About this exercise:
Please return only the lines from the one holding "using lam2_nonneg by" through the one holding "by (metis INF_lower", exactly as they appear in the records below, both ends included.

Collected data:
------------
lemma Pstar_eq_Min_split_cost:
  assumes "1 \<le> s"
  shows "P s a = (MIN k\<in>{..<s}. split_cost k s a)"
  using assms
proof (induction s rule: nat_induct_at_least)
  case base
  show ?case
    by (simp add: split_cost_def prefix_cost_def coord_cost_def power2_commute lessThan_Suc
        atLeastSucAtMost_greaterThanAtMost[symmetric])
next
  case (Suc s)
  then obtain k where s: "s = Suc k" by (cases s) auto
  have "P (Suc s) a = min (P s a) (prefix_cost s) + coord_cost (Suc s) a"
    using s by (simp add: prefix_cost_def coord_cost_def add.assoc)
  also have "\<dots> = min (MIN k\<in>{..<s}. split_cost k s a) (split_cost s s a) + coord_cost (Suc s) a"
    using Suc.IH by (simp add: split_cost_def)
  also have "\<dots> = (MIN k\<in>{..<Suc s}. split_cost k s a) + coord_cost (Suc s) a"
    using s by (simp add: lessThan_Suc min.commute Min_insert)
  also have "\<dots> = (MIN k\<in>{..<Suc s}. split_cost k s a + coord_cost (Suc s) a)"
    using hom_Min_commute[of "\<lambda>y. y + coord_cost (Suc s) a" "(\<lambda>k. split_cost k s a) ` {..<Suc s}",
        OF ereal_min_add_distrib]
    by (simp add: image_image lessThan_empty_iff)
  also have "\<dots> = (MIN k\<in>{..<Suc s}. split_cost k (Suc s) a)"
    by (simp add: split_cost_Suc)
  finally show ?case .
qed

lemma Pstar_nonneg: "0 \<le> P s a"
proof (induction s arbitrary: a)
  case (Suc s)
  have "0 \<le> omega lam2 l u j b" for j b
    using lam2_nonneg by (simp add: omega_def l0norm_def)
  moreover have "0 \<le> (INF b. P s b)"
    using Suc.IH by (simp add: le_INF_iff)
  ultimately show ?case
    using Suc.IH lam1_nonneg by (cases s) auto
qed simp

lemma prefix_cost_finite:
  assumes "k \<le> n"
  shows "\<bar>prefix_cost k\<bar> \<noteq> \<infinity>"
proof (cases "k = 0")
  case False
  have "coord_cost j 0 \<noteq> \<infinity>" if "j \<in> {0<..k}" for j
    using boxes_contain_0[of j] that assms by (simp add: coord_cost_in_box l0norm_def)
  then have "split_cost 0 k 0 \<noteq> \<infinity>"
    by (simp add: split_cost_def prefix_cost_def sum_Pinfty)
  moreover have "P k 0 \<le> split_cost 0 k 0"
    using False Pstar_eq_Min_split_cost[of k 0] by simp
  ultimately have "(INF b. P k b) \<noteq> \<infinity>"
    by (metis INF_lower UNIV_I order_trans ereal_infty_less_eq(1))
  moreover have "0 \<le> (INF b. P k b)"
    using Pstar_nonneg by (simp add: le_INF_iff)
  ultimately show ?thesis
    using False by (cases "INF b. P k b") (auto simp: prefix_cost_def)
qed (simp add: prefix_cost_def)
------------
Answer area:
    using lam2_nonneg by (simp add: omega_def l0norm_def)
  moreover have "0 \<le> (INF b. P s b)"
    using Suc.IH by (simp add: le_INF_iff)
  ultimately show ?case
    using Suc.IH lam1_nonneg by (cases s) auto
qed simp

lemma prefix_cost_finite:
  assumes "k \<le> n"
  shows "\<bar>prefix_cost k\<bar> \<noteq> \<infinity>"
proof (cases "k = 0")
  case False
  have "coord_cost j 0 \<noteq> \<infinity>" if "j \<in> {0<..k}" for j
    using boxes_contain_0[of j] that assms by (simp add: coord_cost_in_box l0norm_def)
  then have "split_cost 0 k 0 \<noteq> \<infinity>"
    by (simp add: split_cost_def prefix_cost_def sum_Pinfty)
  moreover have "P k 0 \<le> split_cost 0 k 0"
    using False Pstar_eq_Min_split_cost[of k 0] by simp
  ultimately have "(INF b. P k b) \<noteq> \<infinity>"
    by (metis INF_lower UNIV_I order_trans ereal_infty_less_eq(1))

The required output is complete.